Ar dheis Dé go Raibh a hAnam. https://t.co/JVHxz7Kv2Z
— Leo Varadkar (@LeoVaradkar) July 26, 2023
Stance against the Catholic Church
O’Connor was also vocal about her political stance against the Catholic Church. She will be remembered in some quarters for ripping up a photo of Pope John Paul II during a television appearance on “Saturday Night Live” in October 1992.
For many years, she called for a full investigation into the extent of the church’s role in concealing child abuse by clergy.
In 2010, when Pope Benedict XVI apologised to Ireland to atone for decades of abuse, O’Connor condemned the apology for not going far enough and called for Catholics to boycott Mass until there was a full investigation into the Vatican’s role, which by 2018 was making international headlines.
“People assumed I didn’t believe in God. That’s not the case at all. I’m Catholic by birth and culture and would be the first at the church door if the Vatican offered sincere reconciliation,” she wrote in the Washington Post in 2010.

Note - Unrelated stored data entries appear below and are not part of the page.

(* Let $n\ge 5$, $k\ge 1$, and $0\le h\le n$. Let $\mathcal{G}^4_{n,h}$ be a graph obtained from $\mathcal{G}^4_n$ by deleting any $h$ of the $n$ links of the form $\{i,i+2 \pmod n\}$. Then $$\lceil h/2\rceil \;\le\; M^{\mathcal{G}^4_{n,h}}_{k,n}\;\le\; 2M^C_{k,\lceil n/2\rceil}+h+2 .$$
   Context: $\mathcal{G}^4_n$ is the graph on $\{1,\dots,n\}$ in which each node $i$ is adjacent to $i\pm1$ and $i\pm2\pmod n$. For a graph $G$ on $\{1,\dots,n\}$, a measurement matrix for $G$ is a matrix $A\in\{0,1\}^{m\times n}$ in which every nonzero row has a support that induces a connected subgraph of $G$. A vector is $k$-sparse if it has at most $k$ nonzero entries. $A$ identifies all $k$-sparse vectors if $Ax_1\ne Ax_2$ for every two distinct $k$-sparse $x_1,x_2\in\mathbb{R}^n$. $M^G_{k,n}$ is the minimum number of rows of a measurement matrix for $G$ that identifies all $k$-sparse vectors. $M^C_{k,N}$ is the minimum number of rows of an arbitrary $0$-$1$ matrix with $N$ columns that identifies all $k$-sparse vectors in $\mathbb{R}^N$. *)

theory Defs
  imports Complex_Main
begin

text \<open>Graphs on the vertex set {1..n} are given by their edge sets (sets of 2-element sets).
 Vertex i+1 mod n (in the labelling 1..n) is (i mod n)+1, vertex i+2 mod n is ((i+1) mod n)+1.\<close>

definition skip2_links :: "nat \<Rightarrow> nat set set" where
  "skip2_links n = {{i, ((i + 1) mod n) + 1} | i. i \<in> {1..n}}"

definition G4 :: "nat \<Rightarrow> nat set set" where
  "G4 n = {{i, (i mod n) + 1} | i. i \<in> {1..n}} \<union> skip2_links n"

definition induces_connected :: "nat set set \<Rightarrow> nat set \<Rightarrow> bool" where
  "induces_connected Es S \<longleftrightarrow> S \<noteq> {} \<and>
     (\<forall>u\<in>S. \<forall>v\<in>S. (u, v) \<in> ({(a, b). a \<in> S \<and> b \<in> S \<and> {a, b} \<in> Es})\<^sup>*)"

text \<open>A matrix with m rows (indexed 0..<m) and n columns (indexed 1..n); entries outside are irrelevant.\<close>
definition zero_one_matrix :: "nat \<Rightarrow> nat \<Rightarrow> (nat \<Rightarrow> nat \<Rightarrow> real) \<Rightarrow> bool" where
  "zero_one_matrix m n A \<longleftrightarrow> (\<forall>r<m. \<forall>j\<in>{1..n}. A r j \<in> {0, 1})"

definition row_support :: "nat \<Rightarrow> (nat \<Rightarrow> nat \<Rightarrow> real) \<Rightarrow> nat \<Rightarrow> nat set" where
  "row_support n A r = {j \<in> {1..n}. A r j \<noteq> 0}"

definition measurement_matrix :: "nat set set \<Rightarrow> nat \<Rightarrow> nat \<Rightarrow> (nat \<Rightarrow> nat \<Rightarrow> real) \<Rightarrow> bool" where
  "measurement_matrix Es m n A \<longleftrightarrow> zero_one_matrix m n A \<and>
     (\<forall>r<m. row_support n A r \<noteq> {} \<longrightarrow> induces_connected Es (row_support n A r))"

text \<open>Vectors in R^n: functions nat => real vanishing outside {1..n}.\<close>
definition is_vec :: "nat \<Rightarrow> (nat \<Rightarrow> real) \<Rightarrow> bool" where
  "is_vec n x \<longleftrightarrow> (\<forall>j. j \<notin> {1..n} \<longrightarrow> x j = 0)"

definition sparse :: "nat \<Rightarrow> nat \<Rightarrow> (nat \<Rightarrow> real) \<Rightarrow> bool" where
  "sparse n k x \<longleftrightarrow> card {j \<in> {1..n}. x j \<noteq> 0} \<le> k"

definition mat_vec :: "nat \<Rightarrow> (nat \<Rightarrow> nat \<Rightarrow> real) \<Rightarrow> (nat \<Rightarrow> real) \<Rightarrow> nat \<Rightarrow> real" where
  "mat_vec n A x r = (\<Sum>j = 1..n. A r j * x j)"

definition identifies :: "nat \<Rightarrow> nat \<Rightarrow> nat \<Rightarrow> (nat \<Rightarrow> nat \<Rightarrow> real) \<Rightarrow> bool" where
  "identifies m n k A \<longleftrightarrow>
     (\<forall>x1 x2. is_vec n x1 \<and> is_vec n x2 \<and> sparse n k x1 \<and> sparse n k x2 \<and> x1 \<noteq> x2 \<longrightarrow>
        (\<exists>r<m. mat_vec n A x1 r \<noteq> mat_vec n A x2 r))"

definition M_graph :: "nat set set \<Rightarrow> nat \<Rightarrow> nat \<Rightarrow> nat" where
  "M_graph Es k n = (LEAST m. \<exists>A. measurement_matrix Es m n A \<and> identifies m n k A)"

definition M_C :: "nat \<Rightarrow> nat \<Rightarrow> nat" where
  "M_C k N = (LEAST m. \<exists>A. zero_one_matrix m N A \<and> identifies m N k A)"

end

theory Submission
  imports Defs
begin

(* A skip link {c-1, c+1} is indexed by its centre c.  Lower bound: let c_0 < ... < c_{h-1} be the
   centres of the deleted links.  If c1 < c2 are such centres outside a connected row support S,
   then every path of G leaving the open interval (c1,c2) passes through c1 or c2, so S lies
   entirely inside or entirely outside (c1,c2).  Hence, going once around the cyclic sequence of
   centres, S changes membership at most twice.  Identification forces every two cyclically
   consecutive centres to be separated by some row, so h <= 2m.

   Upper bound: with B the midpoints of deleted non-wrapping links, each parity class of vertices
   together with B is connected, and stays connected after adding any further vertices.  We take
   rows  class_p u B  and  (T u class_p u B)  where T runs over the rows of an optimal unrestricted
   N-column matrix transplanted onto the opposite parity class (N = ceil(n/2)), plus the singletons
   of B.  Measurements of these 2 M^C + 2 + |B| rows determine x on B, then the sums of x over all
   transplanted rows, hence x on both parity classes. *)

definition prv :: "nat \<Rightarrow> nat \<Rightarrow> nat" where
  "prv n c = (if c = 1 then n else c - 1)"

O’Connor converted to Islam in 2018 and changed her name to Shuhada Sadaqat, though continued to perform under the name Sinead O’Connor.
“I read chapter two of the Quran and I realised I’m home, and that I’ve been a Muslim all my life. There’s a way of thinking,” she said in an interview on RTE’s Late Late Show in September 2019.
“You can be a Muslim without actually being a Muslim as it’s a headset [mindset].”